Он немощно подлетел вверх метров на сорок и так же немощно снова стал падать вниз, молясь небу и звёздам, чтобы та сила, которая не дала ему продолжать падать в бездну, спасла его и в этот раз. И теперь лямки на его пояснице напряглись и продолжали всё крепче впиваться в его пояс и пах, а затем неведомая сила снова Яана вытолкнула вверх, но уже метров на двадцать всего. Потом на десять, на четвёртый раз Яан лишь едва колыхнулся и так и повис один, качаемый на ветру среди белого холодного небесного тумана. Закрыл ладонями своё лицо и громко разрыдался.
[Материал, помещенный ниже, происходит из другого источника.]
lemma f_pa_pi_over_pi_half:
  shows "0 < f_pa p \<alpha> (pi / 2)" and "0 \<le> f_pa p \<alpha> pi"
    and "f_pa p \<alpha> pi / f_pa p \<alpha> (pi / 2) \<le> 2 powr ((2 * \<alpha> + 1 - real p) / 2)"
proof -
  define S1 where "S1 = (\<Sum>n. ((-1)^(p + 1))^n * real (2*n + 1) powr \<beta>)"
  define S2 where "S2 = (\<Sum>n. ((-1)^(p + 1))^n * (real (4*n + 1) powr \<beta> + real (4*n + 3) powr \<beta>))"
  define c where "c = sqrt 2^(p + 1) * (pi / 2) powr \<beta>"
  define E where "E = (2::real) powr ((2 * \<alpha> + 1 - real p) / 2)"
  have \<sigma>: "(-1::real)^(p + 1) = 1 \<or> (-1::real)^(p + 1) = -1"
    by (cases "even p") auto
  have "0 < real m powr \<beta>" if "0 < m" for m
    using that by simp
  moreover have "real m' powr \<beta> < real m powr \<beta>" if "0 < m" "m < m'" for m m'
    using that \<alpha>_less by (intro powr_less_mono2_neg) auto
  ultimately have S: "0 < S1" "S1 \<le> S2"
    using signed_odd_series_le[OF \<sigma> summable_powr_\<beta>] unfolding S1_def S2_def by blast+
  have c: "0 < c" and E: "0 < E"
    unfolding c_def E_def by simp_all
  have f_pi: "f_pa p \<alpha> pi = E * c * S1" and f_pi_half: "f_pa p \<alpha> (pi / 2) = c * S2"
    unfolding S1_def S2_def c_def E_def f_pa_pi f_pa_pi_half two_power_pi_powr_eq by simp_all
  show "0 < f_pa p \<alpha> (pi / 2)" and "0 \<le> f_pa p \<alpha> pi"
    unfolding f_pi f_pi_half using S c E by simp_all
  have "f_pa p \<alpha> pi / f_pa p \<alpha> (pi / 2) = E * (S1 / S2)"
    unfolding f_pi f_pi_half using c by simp
  also have "\<dots> \<le> E"
    using S E by (intro mult_left_le) simp_all
  finally show "f_pa p \<alpha> pi / f_pa p \<alpha> (pi / 2) \<le> 2 powr ((2 * \<alpha> + 1 - real p) / 2)"
    unfolding E_def .
qed

end

theorem theorem5p2:
  fixes \<alpha> :: real and p :: nat
  assumes "1 < \<alpha>" and "\<alpha> < 2" and "2 \<le> p"
  shows "(\<forall>\<theta>. f_pa p \<alpha> \<theta> = f_pa p \<alpha> (- \<theta>))
    \<and> (\<exists>C. \<forall>\<theta>\<in>{0..pi}.
          \<bar>\<theta>\<bar> powr \<alpha> * sinc_fn (\<theta> / 2) ^ (p + 1) \<le> f_pa p \<alpha> \<theta>
        \<and> f_pa p \<alpha> \<theta> \<le> \<bar>\<theta>\<bar> powr \<alpha> * sinc_fn (\<theta> / 2) ^ (p + 1)
                          + C * (sin (\<theta> / 2)) ^ (p + 1))
    \<and> f_pa p \<alpha> pi / (SUP \<theta>. f_pa p \<alpha> \<theta>) \<le> f_pa p \<alpha> pi / f_pa p \<alpha> (pi / 2)
    \<and> f_pa p \<alpha> pi / f_pa p \<alpha> (pi / 2) \<le> 2 powr ((2 * \<alpha> + 1 - real p) / 2)"
proof -
  have \<alpha>: "0 < \<alpha>" "\<alpha> < real p" using assms by simp_all
  note ratio = f_pa_pi_over_pi_half[OF \<alpha>]
  have "f_pa p \<alpha> (pi / 2) \<le> (SUP \<theta>. f_pa p \<alpha> \<theta>)"
    by (rule cSUP_upper[OF UNIV_I f_pa_bdd_above[OF \<alpha>]])
  then have "f_pa p \<alpha> pi / (SUP \<theta>. f_pa p \<alpha> \<theta>) \<le> f_pa p \<alpha> pi / f_pa p \<alpha> (pi / 2)"
    using ratio(1,2) by (intro divide_left_mono) auto
  moreover have "\<exists>C. \<forall>\<theta>\<in>{0..pi}.
          \<bar>\<theta>\<bar> powr \<alpha> * sinc_fn (\<theta> / 2) ^ (p + 1) \<le> f_pa p \<alpha> \<theta>
        \<and> f_pa p \<alpha> \<theta> \<le> \<bar>\<theta>\<bar> powr \<alpha> * sinc_fn (\<theta> / 2) ^ (p + 1)
                          + C * (sin (\<theta> / 2)) ^ (p + 1)"
    using f_pa_lower[OF \<alpha>] f_pa_upper[OF \<alpha>] by fastforce
  ultimately show ?thesis
    using ratio(3) f_pa_minus by simp
qed

end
Так громко и навзрыд, как не признается ни один в мире мужчина, что способен так горько плакать.
Спустя минут десять или двадцать среди белых облаков в месте, лишённом всех звуков мира, кроме редкого завывания ветра, время текло совсем иначе, чем на берегу, Яан прекратил лить свои слёзы и полностью расслабился. Теперь даже в каком-то смысле он стал получать некое удовольствие от своего полёта. Как собака, которая вытаскивает голову в окно машины на скорости. Мирно висел себе на страховочном поясе, свисая, словно паучок на паутине, и оглядывался по сторонам.
Когда Яану это чувство свободы и полёта надоело, а спина от неудобного положения начала затекать, он решил, что надо лезть обратно на корабль.
Лезть по резиновому тросу пяти сантиметров в диаметре со скрученными узлами через каждые полметра оказалось легче пареной репы, и Яан с неожиданностью для себя стал быстро сокращать дистанцию между своим первоначальным положением и конечным.
Вот только его первичный запал быстро потух, руки стали забиваться и тяжелеть, а сколько ещё ползти вверх из-за белого, как молоко тумана, он не знал. Однако трос когда-то должен был кончиться, и это помогало ему ползти и ползти вверх, несмотря на усталость и боль пальцев рук.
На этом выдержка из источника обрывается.